DATA TO USE:
_ _ _ _ _

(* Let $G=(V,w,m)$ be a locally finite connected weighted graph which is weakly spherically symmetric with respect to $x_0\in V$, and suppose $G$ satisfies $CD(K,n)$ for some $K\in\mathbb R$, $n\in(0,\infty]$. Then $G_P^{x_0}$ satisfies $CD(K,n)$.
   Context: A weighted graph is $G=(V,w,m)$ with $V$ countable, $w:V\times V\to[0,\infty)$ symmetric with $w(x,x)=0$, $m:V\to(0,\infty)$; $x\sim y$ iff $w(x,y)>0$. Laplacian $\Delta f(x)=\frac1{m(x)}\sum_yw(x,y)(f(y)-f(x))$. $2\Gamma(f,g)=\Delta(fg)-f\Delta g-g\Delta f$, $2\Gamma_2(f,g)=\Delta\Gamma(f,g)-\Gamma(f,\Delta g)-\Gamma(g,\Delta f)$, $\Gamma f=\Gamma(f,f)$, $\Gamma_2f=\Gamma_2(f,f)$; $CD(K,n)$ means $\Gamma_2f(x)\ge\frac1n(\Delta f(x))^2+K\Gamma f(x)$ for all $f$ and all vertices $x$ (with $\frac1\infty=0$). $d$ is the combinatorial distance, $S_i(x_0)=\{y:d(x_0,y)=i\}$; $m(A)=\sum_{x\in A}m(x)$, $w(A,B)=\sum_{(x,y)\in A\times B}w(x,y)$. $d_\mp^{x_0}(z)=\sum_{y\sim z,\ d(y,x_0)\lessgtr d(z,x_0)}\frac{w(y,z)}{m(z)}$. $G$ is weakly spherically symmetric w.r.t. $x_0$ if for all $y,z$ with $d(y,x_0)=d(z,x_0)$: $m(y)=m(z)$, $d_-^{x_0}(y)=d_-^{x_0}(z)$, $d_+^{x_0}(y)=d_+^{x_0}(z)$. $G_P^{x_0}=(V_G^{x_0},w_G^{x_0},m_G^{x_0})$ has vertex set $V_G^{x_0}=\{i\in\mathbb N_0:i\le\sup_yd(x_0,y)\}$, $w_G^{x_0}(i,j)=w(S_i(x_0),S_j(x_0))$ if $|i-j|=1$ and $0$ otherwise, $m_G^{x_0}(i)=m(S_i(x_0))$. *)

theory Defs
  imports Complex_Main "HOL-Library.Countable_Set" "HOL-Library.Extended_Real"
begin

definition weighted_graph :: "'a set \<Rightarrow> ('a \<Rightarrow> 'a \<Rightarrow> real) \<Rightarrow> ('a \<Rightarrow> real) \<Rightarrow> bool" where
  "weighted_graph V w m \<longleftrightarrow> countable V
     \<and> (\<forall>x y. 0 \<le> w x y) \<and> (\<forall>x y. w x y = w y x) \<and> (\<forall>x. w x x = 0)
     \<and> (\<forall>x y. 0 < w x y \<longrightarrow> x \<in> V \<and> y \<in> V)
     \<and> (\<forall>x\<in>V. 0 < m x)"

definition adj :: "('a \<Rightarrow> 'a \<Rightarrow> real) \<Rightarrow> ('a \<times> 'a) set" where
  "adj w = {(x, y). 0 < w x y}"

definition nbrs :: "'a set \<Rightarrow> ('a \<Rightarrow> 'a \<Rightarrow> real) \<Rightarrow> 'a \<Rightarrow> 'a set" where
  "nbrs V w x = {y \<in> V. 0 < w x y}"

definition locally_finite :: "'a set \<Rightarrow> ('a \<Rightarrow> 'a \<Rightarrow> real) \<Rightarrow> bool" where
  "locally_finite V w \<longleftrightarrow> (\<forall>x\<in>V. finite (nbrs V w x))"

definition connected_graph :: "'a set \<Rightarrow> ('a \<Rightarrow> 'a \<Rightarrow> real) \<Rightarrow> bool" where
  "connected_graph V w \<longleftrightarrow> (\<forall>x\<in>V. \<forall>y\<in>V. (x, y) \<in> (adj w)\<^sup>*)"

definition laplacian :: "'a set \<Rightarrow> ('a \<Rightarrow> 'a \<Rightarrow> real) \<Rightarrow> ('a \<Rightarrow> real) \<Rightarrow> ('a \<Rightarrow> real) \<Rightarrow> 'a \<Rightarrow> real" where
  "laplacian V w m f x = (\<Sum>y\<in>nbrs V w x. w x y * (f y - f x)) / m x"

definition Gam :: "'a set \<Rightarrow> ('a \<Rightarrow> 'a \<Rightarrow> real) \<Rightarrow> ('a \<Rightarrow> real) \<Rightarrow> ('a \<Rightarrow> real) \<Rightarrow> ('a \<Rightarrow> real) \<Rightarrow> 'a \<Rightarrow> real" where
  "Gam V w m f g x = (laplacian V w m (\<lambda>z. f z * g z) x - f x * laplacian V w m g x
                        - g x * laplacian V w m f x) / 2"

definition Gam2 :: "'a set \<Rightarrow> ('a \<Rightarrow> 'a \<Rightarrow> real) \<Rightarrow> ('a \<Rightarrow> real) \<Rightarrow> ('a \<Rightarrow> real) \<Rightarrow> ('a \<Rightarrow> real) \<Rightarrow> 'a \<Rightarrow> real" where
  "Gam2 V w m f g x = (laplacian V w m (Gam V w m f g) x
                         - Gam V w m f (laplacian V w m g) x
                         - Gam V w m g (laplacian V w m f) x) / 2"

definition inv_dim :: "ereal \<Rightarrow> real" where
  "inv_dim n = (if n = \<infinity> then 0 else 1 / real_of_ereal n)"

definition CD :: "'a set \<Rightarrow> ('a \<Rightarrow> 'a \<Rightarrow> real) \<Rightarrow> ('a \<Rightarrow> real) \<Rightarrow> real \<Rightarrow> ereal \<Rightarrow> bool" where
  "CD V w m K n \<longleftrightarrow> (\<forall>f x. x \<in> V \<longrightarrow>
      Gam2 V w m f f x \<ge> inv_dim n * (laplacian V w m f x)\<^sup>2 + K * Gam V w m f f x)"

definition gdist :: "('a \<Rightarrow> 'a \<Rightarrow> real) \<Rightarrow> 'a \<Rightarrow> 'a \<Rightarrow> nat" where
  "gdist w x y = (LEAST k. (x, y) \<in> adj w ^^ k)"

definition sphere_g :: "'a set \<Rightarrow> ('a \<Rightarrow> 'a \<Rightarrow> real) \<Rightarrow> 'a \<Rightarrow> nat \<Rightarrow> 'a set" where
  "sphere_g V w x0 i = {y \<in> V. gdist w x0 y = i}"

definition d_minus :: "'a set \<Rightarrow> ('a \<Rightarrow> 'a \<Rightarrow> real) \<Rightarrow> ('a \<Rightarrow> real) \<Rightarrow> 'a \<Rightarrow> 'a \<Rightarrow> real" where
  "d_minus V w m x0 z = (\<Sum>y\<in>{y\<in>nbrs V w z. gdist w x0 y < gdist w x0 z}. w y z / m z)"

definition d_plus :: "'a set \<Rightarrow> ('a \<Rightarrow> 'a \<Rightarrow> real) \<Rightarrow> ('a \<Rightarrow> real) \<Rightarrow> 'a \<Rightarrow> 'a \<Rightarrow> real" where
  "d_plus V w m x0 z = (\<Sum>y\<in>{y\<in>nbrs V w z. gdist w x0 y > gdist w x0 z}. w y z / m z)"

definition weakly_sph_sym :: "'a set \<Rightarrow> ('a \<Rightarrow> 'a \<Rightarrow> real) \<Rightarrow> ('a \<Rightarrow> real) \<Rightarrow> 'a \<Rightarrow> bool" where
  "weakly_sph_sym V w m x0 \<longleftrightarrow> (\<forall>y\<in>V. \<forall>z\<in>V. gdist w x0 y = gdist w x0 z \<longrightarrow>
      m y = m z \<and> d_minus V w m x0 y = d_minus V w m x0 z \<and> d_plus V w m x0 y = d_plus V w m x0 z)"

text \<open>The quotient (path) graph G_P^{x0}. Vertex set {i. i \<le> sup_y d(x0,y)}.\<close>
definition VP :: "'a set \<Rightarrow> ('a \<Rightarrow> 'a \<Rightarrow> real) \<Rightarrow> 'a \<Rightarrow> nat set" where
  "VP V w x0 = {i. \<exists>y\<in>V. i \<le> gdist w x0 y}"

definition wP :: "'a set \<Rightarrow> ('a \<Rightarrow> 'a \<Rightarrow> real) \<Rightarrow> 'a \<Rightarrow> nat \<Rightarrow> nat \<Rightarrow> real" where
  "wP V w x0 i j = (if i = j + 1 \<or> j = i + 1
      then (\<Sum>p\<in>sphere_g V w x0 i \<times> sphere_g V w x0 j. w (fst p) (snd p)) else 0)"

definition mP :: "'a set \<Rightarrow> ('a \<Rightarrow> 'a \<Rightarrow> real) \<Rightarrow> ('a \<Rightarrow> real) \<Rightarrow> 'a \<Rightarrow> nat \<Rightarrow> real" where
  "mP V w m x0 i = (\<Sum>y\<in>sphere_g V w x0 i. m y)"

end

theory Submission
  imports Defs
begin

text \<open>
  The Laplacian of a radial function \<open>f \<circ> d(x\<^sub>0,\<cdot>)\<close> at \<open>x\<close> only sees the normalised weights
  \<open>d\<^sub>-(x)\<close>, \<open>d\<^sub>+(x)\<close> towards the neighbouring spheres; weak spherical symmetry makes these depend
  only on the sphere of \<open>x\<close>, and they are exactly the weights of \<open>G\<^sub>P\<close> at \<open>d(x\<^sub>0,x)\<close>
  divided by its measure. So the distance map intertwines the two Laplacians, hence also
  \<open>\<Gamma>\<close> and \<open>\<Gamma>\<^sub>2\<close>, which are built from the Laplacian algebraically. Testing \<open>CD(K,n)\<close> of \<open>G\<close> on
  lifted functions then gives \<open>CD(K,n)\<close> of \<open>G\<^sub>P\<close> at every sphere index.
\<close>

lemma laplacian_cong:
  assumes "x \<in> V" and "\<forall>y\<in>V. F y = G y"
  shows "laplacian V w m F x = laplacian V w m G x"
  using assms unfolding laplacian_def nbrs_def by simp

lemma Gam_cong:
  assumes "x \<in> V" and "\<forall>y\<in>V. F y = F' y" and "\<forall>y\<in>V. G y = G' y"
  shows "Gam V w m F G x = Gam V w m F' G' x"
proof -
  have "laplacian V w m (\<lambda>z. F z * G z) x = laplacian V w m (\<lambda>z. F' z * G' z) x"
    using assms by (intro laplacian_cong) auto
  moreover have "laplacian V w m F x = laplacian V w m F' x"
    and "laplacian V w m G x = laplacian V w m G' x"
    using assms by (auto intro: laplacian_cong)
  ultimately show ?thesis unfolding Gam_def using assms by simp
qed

_ _ _ _ _

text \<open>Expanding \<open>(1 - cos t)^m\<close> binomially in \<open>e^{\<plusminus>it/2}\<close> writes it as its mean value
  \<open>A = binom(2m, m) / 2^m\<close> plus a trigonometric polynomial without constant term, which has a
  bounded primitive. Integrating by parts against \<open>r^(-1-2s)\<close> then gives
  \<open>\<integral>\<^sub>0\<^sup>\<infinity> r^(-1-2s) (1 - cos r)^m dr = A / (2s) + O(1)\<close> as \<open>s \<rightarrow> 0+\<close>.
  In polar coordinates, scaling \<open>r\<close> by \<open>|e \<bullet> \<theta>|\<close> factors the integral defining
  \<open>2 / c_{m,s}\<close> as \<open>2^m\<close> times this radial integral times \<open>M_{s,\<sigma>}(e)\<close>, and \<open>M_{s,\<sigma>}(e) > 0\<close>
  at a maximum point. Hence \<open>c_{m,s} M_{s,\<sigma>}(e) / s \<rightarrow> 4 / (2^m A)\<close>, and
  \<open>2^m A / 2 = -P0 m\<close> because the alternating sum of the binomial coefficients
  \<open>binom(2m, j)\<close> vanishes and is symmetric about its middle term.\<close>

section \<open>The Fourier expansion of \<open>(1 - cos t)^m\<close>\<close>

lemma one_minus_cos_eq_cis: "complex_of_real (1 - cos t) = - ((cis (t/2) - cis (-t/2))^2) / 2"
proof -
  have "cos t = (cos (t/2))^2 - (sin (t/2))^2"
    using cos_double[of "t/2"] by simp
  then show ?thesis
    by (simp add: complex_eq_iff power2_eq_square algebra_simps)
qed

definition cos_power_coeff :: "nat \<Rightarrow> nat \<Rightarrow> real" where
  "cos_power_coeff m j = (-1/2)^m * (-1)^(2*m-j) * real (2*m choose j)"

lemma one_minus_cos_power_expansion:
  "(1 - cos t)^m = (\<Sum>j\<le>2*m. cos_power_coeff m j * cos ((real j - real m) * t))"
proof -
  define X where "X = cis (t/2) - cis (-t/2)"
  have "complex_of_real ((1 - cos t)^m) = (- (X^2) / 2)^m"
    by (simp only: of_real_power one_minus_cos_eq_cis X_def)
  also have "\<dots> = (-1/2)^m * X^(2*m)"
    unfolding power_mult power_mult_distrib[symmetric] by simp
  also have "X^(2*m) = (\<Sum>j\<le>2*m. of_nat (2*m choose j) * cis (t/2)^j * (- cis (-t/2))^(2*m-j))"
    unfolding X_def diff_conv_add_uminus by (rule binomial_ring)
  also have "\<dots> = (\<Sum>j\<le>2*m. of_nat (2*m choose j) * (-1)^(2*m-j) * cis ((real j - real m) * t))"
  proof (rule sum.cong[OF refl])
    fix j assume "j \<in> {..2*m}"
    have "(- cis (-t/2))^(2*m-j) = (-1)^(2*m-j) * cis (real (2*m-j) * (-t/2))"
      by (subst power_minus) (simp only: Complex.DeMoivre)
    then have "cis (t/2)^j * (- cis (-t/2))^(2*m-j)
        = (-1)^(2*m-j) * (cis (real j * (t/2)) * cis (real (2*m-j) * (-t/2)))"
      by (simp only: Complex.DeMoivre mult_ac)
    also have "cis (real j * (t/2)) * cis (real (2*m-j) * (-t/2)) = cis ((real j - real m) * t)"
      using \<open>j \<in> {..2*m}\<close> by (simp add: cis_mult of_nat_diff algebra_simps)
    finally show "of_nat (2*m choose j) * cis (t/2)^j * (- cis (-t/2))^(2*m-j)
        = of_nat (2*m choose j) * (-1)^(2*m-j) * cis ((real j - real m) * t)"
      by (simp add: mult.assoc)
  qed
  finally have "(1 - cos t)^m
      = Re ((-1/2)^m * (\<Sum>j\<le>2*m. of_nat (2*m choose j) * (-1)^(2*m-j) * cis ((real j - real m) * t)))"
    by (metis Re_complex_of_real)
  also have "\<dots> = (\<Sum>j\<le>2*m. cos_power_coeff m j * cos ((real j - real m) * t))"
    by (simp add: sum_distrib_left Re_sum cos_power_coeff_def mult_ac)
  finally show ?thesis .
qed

_ _ _ _ _

Taking the material above, extract exactly and only the lines from the line with "V \<and> y \<in> V)" to the line with "- g x * laplacian", inclusive of both.

     \<and> (\<forall>x y. 0 < w x y \<longrightarrow> x \<in> V \<and> y \<in> V)
     \<and> (\<forall>x\<in>V. 0 < m x)"

definition adj :: "('a \<Rightarrow> 'a \<Rightarrow> real) \<Rightarrow> ('a \<times> 'a) set" where
  "adj w = {(x, y). 0 < w x y}"

definition nbrs :: "'a set \<Rightarrow> ('a \<Rightarrow> 'a \<Rightarrow> real) \<Rightarrow> 'a \<Rightarrow> 'a set" where
  "nbrs V w x = {y \<in> V. 0 < w x y}"

definition locally_finite :: "'a set \<Rightarrow> ('a \<Rightarrow> 'a \<Rightarrow> real) \<Rightarrow> bool" where
  "locally_finite V w \<longleftrightarrow> (\<forall>x\<in>V. finite (nbrs V w x))"

definition connected_graph :: "'a set \<Rightarrow> ('a \<Rightarrow> 'a \<Rightarrow> real) \<Rightarrow> bool" where
  "connected_graph V w \<longleftrightarrow> (\<forall>x\<in>V. \<forall>y\<in>V. (x, y) \<in> (adj w)\<^sup>*)"

definition laplacian :: "'a set \<Rightarrow> ('a \<Rightarrow> 'a \<Rightarrow> real) \<Rightarrow> ('a \<Rightarrow> real) \<Rightarrow> ('a \<Rightarrow> real) \<Rightarrow> 'a \<Rightarrow> real" where
  "laplacian V w m f x = (\<Sum>y\<in>nbrs V w x. w x y * (f y - f x)) / m x"

definition Gam :: "'a set \<Rightarrow> ('a \<Rightarrow> 'a \<Rightarrow> real) \<Rightarrow> ('a \<Rightarrow> real) \<Rightarrow> ('a \<Rightarrow> real) \<Rightarrow> ('a \<Rightarrow> real) \<Rightarrow> 'a \<Rightarrow> real" where
  "Gam V w m f g x = (laplacian V w m (\<lambda>z. f z * g z) x - f x * laplacian V w m g x
                        - g x * laplacian V w m f x) / 2"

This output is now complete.